Lula’s immediate reaction was to dismiss the security chief, Anderson Torres. But the key question is: what are the long-term consequences of the elections and the coup attempt? Bolsonaro has left the country in probably one of the worst political, economic and social situations in its history. Therefore, a great deal of repair work will be needed on Lula’s part. International leaders express their satisfaction with the new president-elect, and paint a new hope for democracy. For many, Lula’s victory signifies the beginning of a new political era in Brazil, guided by social justice, equality and the fight against climate change.
Does the radical change of course in Brazilian politics mean the end of the country’s global isolation? During Bolsonaro’s presidency, no foreign politician visited the country, nor did the former president consider it necessary to do so. Now Lula is seen as the bearer of hope for the revival of multilateralism. Already during his election campaign, Lula announced his determination to restore Brazil’s credibility as a global partner. “Lula is back! Lula’s intention is to revive old multilateral agreements with international partners, not only in the region, but also on a global scale, as he shares a vision with many of them.
One of the most recent examples is Lula’s own participation in COP27 in Egypt, sending the message that the fight against climate change is indeed among his priorities. The Brazilian president’s willingness to collaborate with other heads of state has been seen as a first step in the right direction. There is also new hope for trade agreements between the EU and MERCOSUR. During Bolsonaro’s presidency negotiations were on hold, and Lula’s very ‘zero deforestation’ policy is clearly seen as a game-changer for discussions. At the economic level, the EU would gain from strengthening relations with Brazil and neighbouring countries; especially to reduce dependence on China.

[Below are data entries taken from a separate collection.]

(* Let $X$ be an $X$-set parameter, let $t\ge 0$ be an integer, let $G$ be a graph, and let $H$ be an induced subgraph of $\mathscr{X}^{\rm TAR}(G)$. If $H\cong Q_t$ (the $t$-dimensional hypercube), then $V(H)$ is an interval $[S,T]=\{R: S\subseteq R\subseteq T\}$ of length $t$ (i.e., $|T\setminus S|=t$) in the poset $(\mathcal{P}(V(G)),\subseteq)$.
   Context: All graphs are simple, finite, with nonempty vertex set. An $X$-set parameter is a graph parameter $X(G)$ defined as the minimum cardinality of an $X$-set of $G$, where the $X$-sets of each graph are subsets of its vertex set determined by some property satisfying: (1) supersets (within $V(G)$) of $X$-sets are $X$-sets; (2) the empty set is never an $X$-set; (3) an $X$-set of a disconnected graph is the union of an $X$-set of each component; (4) if $G$ has no isolated vertices, every set of $|V(G)|-1$ vertices is an $X$-set. The $X$-TAR graph $\mathscr{X}^{\rm TAR}(G)$ has as vertices all $X$-sets of $G$, with $S_1,S_2$ adjacent iff $|S_1\ominus S_2|=1$. $\mathcal{P}(V(G))$ is the power set of $V(G)$; the length of an interval is the maximum length (number of elements minus one) of a chain in it. *)

theory Defs
  imports Main
begin

definition simple_graph :: "'a set \<Rightarrow> ('a \<Rightarrow> 'a \<Rightarrow> bool) \<Rightarrow> bool" where
  "simple_graph V E \<longleftrightarrow> finite V \<and> V \<noteq> {} \<and>
     (\<forall>x y. E x y \<longrightarrow> x \<in> V \<and> y \<in> V) \<and> (\<forall>x y. E x y \<longrightarrow> E y x) \<and> (\<forall>x. \<not> E x x)"

definition components :: "'a set \<Rightarrow> ('a \<Rightarrow> 'a \<Rightarrow> bool) \<Rightarrow> 'a set set" where
  "components V E = {{y. E\<^sup>*\<^sup>* x y} | x. x \<in> V}"

definition connected_graph :: "'a set \<Rightarrow> ('a \<Rightarrow> 'a \<Rightarrow> bool) \<Rightarrow> bool" where
  "connected_graph V E \<longleftrightarrow> (\<forall>x\<in>V. \<forall>y\<in>V. E\<^sup>*\<^sup>* x y)"

definition restrict_edges :: "('a \<Rightarrow> 'a \<Rightarrow> bool) \<Rightarrow> 'a set \<Rightarrow> 'a \<Rightarrow> 'a \<Rightarrow> bool" where
  "restrict_edges E C = (\<lambda>x y. E x y \<and> x \<in> C \<and> y \<in> C)"

definition has_isolated :: "'a set \<Rightarrow> ('a \<Rightarrow> 'a \<Rightarrow> bool) \<Rightarrow> bool" where
  "has_isolated V E \<longleftrightarrow> (\<exists>x\<in>V. \<forall>y. \<not> E x y)"

text \<open>An X-set parameter is given by its family of X-sets: Xs V E is the set of X-sets of G=(V,E).\<close>
definition X_set_param :: "('a set \<Rightarrow> ('a \<Rightarrow> 'a \<Rightarrow> bool) \<Rightarrow> 'a set set) \<Rightarrow> bool" where
  "X_set_param Xs \<longleftrightarrow>
    (\<forall>V E. simple_graph V E \<longrightarrow>
       Xs V E \<subseteq> Pow V
     \<and> (\<forall>S T. S \<in> Xs V E \<and> S \<subseteq> T \<and> T \<subseteq> V \<longrightarrow> T \<in> Xs V E)
     \<and> {} \<notin> Xs V E
     \<and> (\<not> connected_graph V E \<longrightarrow>
          (\<forall>S. S \<in> Xs V E \<longleftrightarrow>
               S \<subseteq> V \<and> (\<forall>C\<in>components V E. S \<inter> C \<in> Xs C (restrict_edges E C))))
     \<and> (\<not> has_isolated V E \<longrightarrow>
          (\<forall>S. S \<subseteq> V \<and> card S = card V - 1 \<longrightarrow> S \<in> Xs V E)))"

definition tar_adj :: "'b set \<Rightarrow> 'b set \<Rightarrow> bool" where
  "tar_adj S1 S2 \<longleftrightarrow> card ((S1 - S2) \<union> (S2 - S1)) = 1"

definition hypercube_verts :: "nat \<Rightarrow> nat set set" where
  "hypercube_verts t = Pow {..<t}"

definition hypercube_adj :: "nat set \<Rightarrow> nat set \<Rightarrow> bool" where
  "hypercube_adj A B \<longleftrightarrow> card ((A - B) \<union> (B - A)) = 1"

definition induced_TAR_iso_cube :: "'a set set \<Rightarrow> nat \<Rightarrow> bool" where
  "induced_TAR_iso_cube H t \<longleftrightarrow>
    (\<exists>f. bij_betw f H (hypercube_verts t) \<and>
         (\<forall>A\<in>H. \<forall>B\<in>H. tar_adj A B \<longleftrightarrow> hypercube_adj (f A) (f B)))"

end

theory Submission
  imports Defs
begin

(* Pull the cube back along the isomorphism: this gives an injective map g from the subsets of
   {..<t} into H under which B - {i} and B go to sets differing in exactly one element. *)

lemma sym_diff_assoc: "sym_diff (sym_diff A B) C = sym_diff A (sym_diff B C)"
  by blast

lemma image_disjoint_Un_eq_sym_diff:
  assumes "inj_on a (D \<union> E)" "D \<inter> E = {}"
  shows "a ` (D \<union> E) = sym_diff (a ` D) (a ` E)"
proof -
  have "a ` D \<inter> a ` E = {}"
    using assms by (metis image_empty inj_on_image_Int sup_ge1 sup_ge2)
  then show ?thesis by blast
qed

lemma sym_diff_image_Pow: "(\<lambda>C. sym_diff X C) ` Pow A = {R. X - A \<subseteq> R \<and> R \<subseteq> X \<union> A}"
proof
  show "{R. X - A \<subseteq> R \<and> R \<subseteq> X \<union> A} \<subseteq> (\<lambda>C. sym_diff X C) ` Pow A"
  proof
    fix R assume "R \<in> {R. X - A \<subseteq> R \<and> R \<subseteq> X \<union> A}"
    then have "R = sym_diff X (sym_diff X R)" "sym_diff X R \<in> Pow A" by blast+
    then show "R \<in> (\<lambda>C. sym_diff X C) ` Pow A" by blast
  qed
qed blast

lemma tar_adj_iff: "tar_adj A B \<longleftrightarrow> (\<exists>u. B = sym_diff A {u})"
proof
  assume "tar_adj A B"
  then obtain u where "sym_diff A B = {u}"
    unfolding tar_adj_def by (meson card_1_singletonE)
  then have "B = sym_diff A {u}" by blast
  then show "\<exists>u. B = sym_diff A {u}" ..
next
  assume "\<exists>u. B = sym_diff A {u}"
  then obtain u where "B = sym_diff A {u}" ..
  then have "sym_diff A B = {u}" by blast
  then show "tar_adj A B" unfolding tar_adj_def by simp
qed

lemma tar_adj_common_neighbour:
  assumes "x \<noteq> y" "tar_adj (sym_diff X {x}) Z" "tar_adj (sym_diff X {y}) Z"
  shows "Z = X \<or> Z = sym_diff X {x, y}"
proof -
  obtain u where u: "Z = sym_diff (sym_diff X {x}) {u}" using assms(2) unfolding tar_adj_iff ..
  obtain v where v: "Z = sym_diff (sym_diff X {y}) {v}" using assms(3) unfolding tar_adj_iff ..
  have flips: "(w = x) \<noteq> (w = u) \<longleftrightarrow> (w = y) \<noteq> (w = v)" for w
    using u v by (simp add: set_eq_iff) metis
  show ?thesis
  proof (cases "u = x")
    case True
    with u have "Z = sym_diff (sym_diff X {x}) {x}" by simp
    then show ?thesis by blast
  next
    case False
    with flips[of x] assms(1) have "v = x" by simp
    with flips[of u] False have "u = y" by simp
    with u have "Z = sym_diff (sym_diff X {x}) {y}" by simp
    then show ?thesis using assms(1) by blast
  qed
qed

lemma cube_map_sym_diff_image_step:
  assumes g_inj: "inj_on g (Pow I)"
    and g_adj: "\<And>B i. B \<subseteq> I \<Longrightarrow> i \<in> B \<Longrightarrow> tar_adj (g (B - {i})) (g B)"
    and "inj_on a I" "B \<subseteq> I" "i \<in> B" "j \<in> B" "i \<noteq> j"
    and IH: "\<And>D. D \<subset> B \<Longrightarrow> g D = sym_diff (g {}) (a ` D)"
  shows "g B = sym_diff (g {}) (a ` B)"
proof -
  define C where "C = B - {i, j}"
  define X where "X = sym_diff (g {}) (a ` C)"
  have inj_B: "inj_on a B" using assms(3,4) by (rule inj_on_subset)
  have img: "a ` (C \<union> E) = sym_diff (a ` C) (a ` E)" if "E \<subseteq> {i, j}" for E
    using assms(5-7) that inj_on_subset[OF inj_B, of "C \<union> E"]
    by (intro image_disjoint_Un_eq_sym_diff) (auto simp: C_def)
  have B_split: "B - {j} = C \<union> {i}" "B - {i} = C \<union> {j}" "B = C \<union> {i, j}"
    using assms(5-7) by (auto simp: C_def)
  have proper: "B - {j} \<subset> B" "B - {i} \<subset> B" "C \<subset> B"
    using assms(5-7) by (auto simp: C_def)
  have "g (B - {j}) = sym_diff X {a i}"
    using IH[OF proper(1)] img[of "{i}"] unfolding B_split(1) X_def
    by (simp add: sym_diff_assoc)
  moreover have "g (B - {i}) = sym_diff X {a j}"
    using IH[OF proper(2)] img[of "{j}"] unfolding B_split(2) X_def
    by (simp add: sym_diff_assoc)
  moreover have "a i \<noteq> a j" using inj_onD[OF inj_B] assms(5-7) by blast
  ultimately have "g B = X \<or> g B = sym_diff X {a i, a j}"
    using tar_adj_common_neighbour g_adj[OF assms(4)] assms(5,6) by metis
  moreover have "g B \<noteq> X"
  proof
    assume "g B = X"
    moreover have "g C = X" using IH[OF proper(3)] by (simp add: X_def)
    ultimately have "B = C" using inj_onD[OF g_inj] assms(4) by (auto simp: C_def)
    then show False using proper(3) by simp
  qed
  moreover have "a ` B = sym_diff (a ` C) {a i, a j}"
    using img[of "{i, j}"] B_split(3) by simp
  then have "sym_diff (g {}) (a ` B) = sym_diff X {a i, a j}"
    unfolding X_def by (simp only: sym_diff_assoc)
  ultimately show ?thesis by simp
qed

lemma cube_map_eq_sym_diff_image:
  assumes "finite I" and g_inj: "inj_on g (Pow I)"
    and g_adj: "\<And>B i. B \<subseteq> I \<Longrightarrow> i \<in> B \<Longrightarrow> tar_adj (g (B - {i})) (g B)"
  obtains a where "inj_on a I" "\<And>B. B \<subseteq> I \<Longrightarrow> g B = sym_diff (g {}) (a ` B)"
proof -
  have "\<exists>u. g {i} = sym_diff (g {}) {u}" if "i \<in> I" for i
    using g_adj[of "{i}" i] that unfolding tar_adj_iff by simp
  then obtain a where a: "\<And>i. i \<in> I \<Longrightarrow> g {i} = sym_diff (g {}) {a i}"
    by metis
  have a_inj: "inj_on a I"
  proof (rule inj_onI)
    fix i j assume "i \<in> I" "j \<in> I" "a i = a j"
    then have "g {i} = g {j}" using a by simp
    with \<open>i \<in> I\<close> \<open>j \<in> I\<close> show "i = j" using inj_onD[OF g_inj, of "{i}" "{j}"] by simp
  qed
  have "g B = sym_diff (g {}) (a ` B)" if "B \<subseteq> I" for B
    using finite_subset[OF that \<open>finite I\<close>] that
  proof (induction B rule: finite_psubset_induct)
    case (psubset B)
    consider "B = {}" | i where "B = {i}" | i j where "i \<in> B" "j \<in> B" "i \<noteq> j"
      by blast
    then show ?case
    proof cases
      case 1
      then show ?thesis by simp
    next
      case 2
      then show ?thesis using a psubset.prems by simp
    next
      case 3
      have "g D = sym_diff (g {}) (a ` D)" if "D \<subset> B" for D
        using that psubset.prems by (intro psubset.IH) auto
      from cube_map_sym_diff_image_step[OF g_inj g_adj a_inj psubset.prems 3 this]
      show ?thesis .
    qed
  qed
  with a_inj that show ?thesis by blast
qed

lemma induced_TAR_iso_cube_interval:
  assumes "induced_TAR_iso_cube H t"
  obtains S T where "S \<subseteq> T" "H = {R. S \<subseteq> R \<and> R \<subseteq> T}" "card (T - S) = t"
proof -
  obtain f where f_bij: "bij_betw f H (Pow {..<t})"
    and f_adj: "\<forall>A\<in>H. \<forall>B\<in>H. tar_adj A B \<longleftrightarrow> hypercube_adj (f A) (f B)"
    using assms unfolding induced_TAR_iso_cube_def hypercube_verts_def by blast
  define g where "g = inv_into H f"
  have g_bij: "bij_betw g (Pow {..<t}) H"
    unfolding g_def by (rule bij_betw_inv_into[OF f_bij])
  have f_g: "f (g B) = B" if "B \<subseteq> {..<t}" for B
    unfolding g_def using bij_betw_inv_into_right[OF f_bij] that by blast
  have g_adj: "tar_adj (g (B - {i})) (g B)" if "B \<subseteq> {..<t}" "i \<in> B" for B i
  proof -
    have "sym_diff (B - {i}) B = {i}" using that(2) by blast
    then have "hypercube_adj (B - {i}) B" unfolding hypercube_adj_def by simp
    moreover have "B - {i} \<subseteq> {..<t}" using that(1) by blast
    moreover have "g (B - {i}) \<in> H" "g B \<in> H"
      using bij_betwE[OF g_bij] that(1) \<open>B - {i} \<subseteq> {..<t}\<close> by blast+
    ultimately show ?thesis
      using f_adj f_g[OF that(1)] f_g[OF \<open>B - {i} \<subseteq> {..<t}\<close>] by simp
  qed
  obtain a where a_inj: "inj_on a {..<t}"
    and g_eq: "\<And>B. B \<subseteq> {..<t} \<Longrightarrow> g B = sym_diff (g {}) (a ` B)"
    using cube_map_eq_sym_diff_image[OF finite_lessThan bij_betw_imp_inj_on[OF g_bij] g_adj] by blast
  define A where "A = a ` {..<t}"
  have "H = g ` Pow {..<t}"
    using bij_betw_imp_surj_on[OF g_bij] by simp
  also have "\<dots> = sym_diff (g {}) ` (image a ` Pow {..<t})"
    unfolding image_image by (intro image_cong refl g_eq) simp
  also have "\<dots> = {R. g {} - A \<subseteq> R \<and> R \<subseteq> g {} \<union> A}"
    unfolding A_def image_Pow_surj[OF refl] by (rule sym_diff_image_Pow)
  finally have "H = {R. g {} - A \<subseteq> R \<and> R \<subseteq> g {} \<union> A}" .
  moreover have "g {} \<union> A - (g {} - A) = A" by blast
  then have "card (g {} \<union> A - (g {} - A)) = t"
    using card_image[OF a_inj] by (simp add: A_def)
  ultimately show ?thesis using that[of "g {} - A" "g {} \<union> A"] by blast
qed

theorem lemma2p1:
  fixes Xs :: "'a set \<Rightarrow> ('a \<Rightarrow> 'a \<Rightarrow> bool) \<Rightarrow> 'a set set"
    and V :: "'a set" and E :: "'a \<Rightarrow> 'a \<Rightarrow> bool"
    and H :: "'a set set" and t :: nat
  assumes "X_set_param Xs"
    and "simple_graph V E"
    and "H \<subseteq> Xs V E"
    and "induced_TAR_iso_cube H t"
  shows "\<exists>S T. S \<subseteq> T \<and> T \<subseteq> V \<and> H = {R. S \<subseteq> R \<and> R \<subseteq> T} \<and> card (T - S) = t"
proof -
  obtain S T where ST: "S \<subseteq> T" "H = {R. S \<subseteq> R \<and> R \<subseteq> T}" "card (T - S) = t"
    using induced_TAR_iso_cube_interval[OF assms(4)] .
  have "Xs V E \<subseteq> Pow V"
    using assms(1,2) unfolding X_set_param_def by simp
  moreover have "T \<in> H" using ST by blast
  ultimately have "T \<subseteq> V" using assms(3) by blast
  with ST show ?thesis by blast
qed

end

Finally, significant changes are expected in relations with the US. Shortly after his victory, Lula exchanged first impressions with Biden over the phone. Together they want to tackle challenges such as climate and migration issues, food insecurity and the fight for inclusion and the defence of democracy. Obviously, changes will not be visible overnight, and the unrest in Brasilia has not helped either. But the conditions for further negotiations with other international actors are much more favourable than under Bolsonaro. Without throwing caution to the wind, the future looks brighter.